The code does no error checking. It assumes that the output buffer exists and is big enough and that src, orig and new are valid strings. The headers needed:

#include <stdio.h>
#include <string.h>
#include <stdlib.h>
#include <stddef.h>
#include <stdint.h>

The main replace function

// Replace the first occurrence of orig in src with new and write result to dest
// Return pointer to first character after the end of first match in src and
// NULL if no match
const char *replace(char *dest, const char *src,
            const char *orig, const char *new) {
    char *ptr = strstr(src, orig); // First match

    // If no match, we want dest to contain a copy of src
    if(!ptr) {
        strcpy(dest, src);
        return NULL;
    }

    const ptrdiff_t offset = ptr - src; // Calculate offset
    const int origlen = strlen(orig);
    
    strncpy(dest, src, offset); // Copy everything before match
    strcpy(&dest[offset], new); // Copy replacement
    strcpy(&dest[offset + strlen(new)], &src[offset + origlen]); // Copy rest

    return src + offset + origlen;
}

Then we just add a function to handle N occurrences

// Replace maximum n occurrences. Stops when no more matches.
// Returns number of replacements
size_t replaceN(char *dest, const char *src, const char *orig, 
                const char *new, size_t n) {
    size_t ret = 0;

    // Maybe an unnecessary optimization to avoid multiple calls in 
    // loop, but it also adds clarity
    const int newlen = strlen(new);
    const int origlen = strlen(orig);
    
    do {
        const char *ptr = replace(dest, src, orig, new); // Replace

        if(!ptr) return ret; // Quit if no more matches

        // Length of the part of src before first match
        const ptrdiff_t offset = ptr - src;
    
        src = ptr; // Move src past what we have already copied.
    
        ret++;

        dest += offset - origlen + newlen; // Advance pointer to dest to the end

    } while(n > ret);

    return ret;
}

And a simple wrapper for all occurrences.
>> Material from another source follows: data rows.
(* Let $\{a_n\}_{n\ge 0}$ be a real-valued sequence with $\{a_n\}\in GMS$. If the series $\sum_{n=0}^\infty a_n$ converges, then $n a_n\to 0$ as $n\to\infty$.
   Context: A complex sequence $\{a_n\}_{n\ge0}$ tending to $0$ is general monotone, written $\{a_n\}\in GMS$, if there exist constants $C>1$ and $\lambda>1$ such that for every $n\in\mathbb{N}$, $$\sum_{k=n}^{2n}|a_k-a_{k+1}|\le C\sum_{n/\lambda\le k\le\lambda n}\frac{|a_k|}{k}.$$ *)

theory Defs
  imports "HOL-Analysis.Analysis"
begin

definition GMS :: "(nat \<Rightarrow> complex) \<Rightarrow> bool" where
  "GMS a \<longleftrightarrow> a \<longlonglongrightarrow> 0 \<and>
     (\<exists>C::real. \<exists>L::real. C > 1 \<and> L > 1 \<and>
        (\<forall>n::nat. n \<ge> 1 \<longrightarrow>
           (\<Sum>k = n..2*n. norm (a k - a (k+1)))
             \<le> C * (\<Sum>k \<in> {k::nat. real n / L \<le> real k \<and> real k \<le> L * real n}.
                      norm (a k) / real k)))"

end

theory Submission
  imports Defs "HOL-Library.Discrete_Functions"
begin

(* Group the terms into dyadic blocks I_j = [2^j, 2^(j+1)) with mass X_j = \<Sum>_{k \<in> I_j} |a_k| and
   variation V_j = \<Sum>_{k \<in> I_j} |a_k - a_(k+1)|. The GM condition at n = 2^j bounds V_j by
   C L 2^(-j) times the total mass of the neighbouring blocks I_(j-r), ..., I_(j+r), where L \<le> 2^r.
   Cutting I_j into 2^s pieces of equal length and using the Cauchy criterion on every piece gives
   X_j \<le> \<epsilon> + 2^(j-s) V_j, hence for all \<theta>, \<epsilon> > 0 eventually X_j \<le> \<epsilon> + \<theta> (X_(j-r) + ... + X_(j+r)).
   Iterating this inequality, starting from the trivial bound X_j = O(2^j), first shows that X is
   bounded and then that X_j \<rightarrow> 0. Finally n |a_n| \<le> 2 (X_j + 2^j V_j) for n \<in> I_j, and the right-hand
   side tends to 0. *)

lemma norm_diff_le_sum_norm_diff:
  fixes f :: "nat \<Rightarrow> 'a::real_normed_vector"
  assumes "x \<in> {p..q}" "y \<in> {p..q}"
  shows "norm (f x - f y) \<le> (\<Sum>k\<in>{p..<q}. norm (f k - f (Suc k)))"
proof -
  have *: "norm (f m - f n) \<le> (\<Sum>k\<in>{p..<q}. norm (f k - f (Suc k)))"
    if "m \<le> n" "m \<in> {p..q}" "n \<in> {p..q}" for m n
  proof -
    have "(\<Sum>k\<in>{m..<n}. f k - f (Suc k)) = f m - f n"
      using sum_Suc_diff'[OF \<open>m \<le> n\<close>, of f] by (simp add: sum_subtractf, metis minus_diff_eq)
    then have "norm (f m - f n) = norm (\<Sum>k\<in>{m..<n}. f k - f (Suc k))"
      by simp
    also have "\<dots> \<le> (\<Sum>k\<in>{m..<n}. norm (f k - f (Suc k)))"
      by (rule norm_sum)
    also have "\<dots> \<le> (\<Sum>k\<in>{p..<q}. norm (f k - f (Suc k)))"
      using that by (intro sum_mono2) auto
    finally show ?thesis .
  qed
  show ?thesis
    using *[of x y] *[of y x] assms by (cases "x \<le> y") (auto simp: norm_minus_commute)
qed
(* For integers $m\neq 0$ and $n$, define \[ \mathcal{I}_1^{(m,n)}=\frac{1}{|m|}\sup_{0\le s\le |m|}\int_0^s K_{n+1}(s)I_n(t)\,t\,dt,\qquad \mathcal{I}_2^{(m,n)}=\frac{1}{|m|}\sup_{0\le t\le |m|}\int_t^{|m|} K_{n+1}(s)I_n(t)\,s\,ds. \] Then there is a constant $C$, independent of $m$ and $n$, such that for $i=1,2$ and all integers $m\neq 0$, $n$, \[ \mathcal{I}_i^{(m,n)}\le\frac{C}{\sqrt{1+m^2+n^2}}. \]
   Context: $I_n,K_n$ are the modified Bessel functions of the first and second kind of integer order $n$: $I_n(t)=\frac1\pi\int_0^\pi e^{t\cos\alpha}\cos(n\alpha)\,d\alpha$, $K_n(t)=\int_0^\infty e^{-t\cosh\alpha}\cosh(n\alpha)\,d\alpha$ for $t>0$. *)

theory Defs
  imports "HOL-Analysis.Analysis"
begin

definition besselI :: "int \<Rightarrow> real \<Rightarrow> real" where
  "besselI n t = (1 / pi) * integral {0..pi} (\<lambda>\<alpha>. exp (t * cos \<alpha>) * cos (real_of_int n * \<alpha>))"

text \<open>Meant for t > 0.\<close>
definition besselK :: "int \<Rightarrow> real \<Rightarrow> real" where
  "besselK n t = integral {0..} (\<lambda>\<alpha>. exp (- t * cosh \<alpha>) * cosh (real_of_int n * \<alpha>))"

definition calI1 :: "int \<Rightarrow> int \<Rightarrow> real" where
  "calI1 m n = (1 / \<bar>real_of_int m\<bar>) *
     (SUP s\<in>{0..\<bar>real_of_int m\<bar>}.
        integral {0..s} (\<lambda>t. besselK (n + 1) s * besselI n t * t))"

definition calI2 :: "int \<Rightarrow> int \<Rightarrow> real" where
  "calI2 m n = (1 / \<bar>real_of_int m\<bar>) *
     (SUP t\<in>{0..\<bar>real_of_int m\<bar>}.
        integral {t..\<bar>real_of_int m\<bar>} (\<lambda>s. besselK (n + 1) s * besselI n t * s))"

end

theory Submission
  imports Defs "HOL-Complex_Analysis.Complex_Analysis" "HOL-Real_Asymp.Real_Asymp"
begin

text \<open>
  Put \<open>\<nu> = |n| + 1\<close> and \<open>R = \<surd>(s\<^sup>2 + \<nu>\<^sup>2)\<close>. Laplace's method at the saddle point
  \<open>b = arsinh (\<nu>/s)\<close> gives \<open>K\<^bsub>n+1\<^esub>(s) \<lesssim> exp (\<nu> b - R) / \<surd>R\<close>; shifting the contour of
  the Fourier integral defining \<open>I\<^sub>n(t)\<close> to height \<open>b\<close> and applying Laplace's method once more
  gives \<open>|I\<^sub>n(t)| \<lesssim> exp (-|n| b + t cosh b) / \<surd>(1 + t cosh b)\<close>. With \<open>s cosh b = R\<close> the
  product is at most \<open>(\<surd>R/s) exp ((t - s) R/s) / \<surd>(1 + t R/s)\<close>, an exponential profile
  of width \<open>s/R\<close> in \<open>t\<close>. Integrating it in \<open>t \<in> [0, s]\<close> or in \<open>s \<in> [t, |m|]\<close> gives
  \<open>O (|m| / \<surd>(m\<^sup>2 + \<nu>\<^sup>2))\<close>, and division by \<open>|m|\<close> yields the claim.
\<close>

lemma cos_ge_one_minus_half_square: "1 - x^2/2 \<le> cos (x::real)"
proof -
  have "1 - y^2/2 \<le> cos y" if "0 \<le> y" for y :: real
  proof -
    have "cos 0 - 1 + 0^2/2 \<le> cos y - 1 + y^2/2"
    proof (rule DERIV_nonneg_imp_nondecreasing[OF \<open>0 \<le> y\<close>])
      fix u :: real assume "0 \<le> u"
      then show "\<exists>D. ((\<lambda>x. cos x - 1 + x^2/2) has_real_derivative D) (at u) \<and> 0 \<le> D"
        using sin_x_le_x by (intro exI[of _ "u - sin u"]) (auto intro!: derivative_eq_intros)
    qed
    then show ?thesis by simp
  qed
  from this[of "\<bar>x\<bar>"] show ?thesis by simp
qed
Note that it's safe to use SIZE_MAX here, because there will never be more occurrences than that.

// Replace all. Returns the number of replacements, because why not?
size_t replaceAll(char *dest, const char *src, const char *orig, const char *new) {
    return replaceN(dest, src, orig, new, SIZE_MAX); 
}

It's easy to write a wrapper for the allocation. We borrow some code from https://stackoverflow.com/q/9052490/6699433

size_t countOccurrences(const char *str, const char *substr) {
    size_t count = 0;

    while((str = strstr(str, substr)) != NULL) {
       count++;
       str++; // We're standing at the match, so we need to advance
    }

    return count;
}

Then some code to calculate size and allocate a buffer

// Allocate a buffer big enough to hold src with n replacements 
// of orig to new
char *allocateBuffer(const char *src, const char *orig, 
                     const char *new, size_t n) {
    return malloc(strlen(src) + 
                  n * (strlen(new) - strlen(orig)) +
                  1 // Remember the zero terminator
                 );
}

And the two final functions

// Allocates a buffer and replaces max n occurrences of orig with new and
// writes it to the allocated buffer.
// Returns the buffer and NULL if allocation failed
char *replaceNAndAllocate(const char *src, const char *orig, 
                          const char *new, size_t n) {
    const size_t count = countOccurrences(src, orig);

    n = n < count ? n : count; // Min of n and count

    char *buf = allocateBuffer(src, orig, new, n);

    if(!buf) return NULL;

    replaceN(buf, src, orig, new, n);

    return buf;
}

// Allocates a buffer and replaces all occurrences of orig with new and
// writes it to the allocated buffer.
// Returns the buffer and NULL if allocation failed
char *replaceAllAndAllocate(const char *src, const char *orig, const char *new) {
    return replaceNAndAllocate(src, orig, new, SIZE_MAX);
}

And finally, a simple main with a test with multiple occurrences and with original string being a substring of replacement string:

int main(void) {
    char src[] = "!!!asdf!!!asdf!!!asdf!!!asdf!!!";
    char orig[] = "asdf";
    char new[] = "asdfaaaaaaaaasdf";
    
    puts(replaceAllAndAllocate(src, orig, new));
}

No warnings with -Wall -Wextra -pedantic and the output is:

$ ./a.out 
!!!asdfaaaaaaaaasdf!!!asdfaaaaaaaaasdf!!!asdfaaaaaaaaasdf!!!asdfaaaaaaaaasdf!!!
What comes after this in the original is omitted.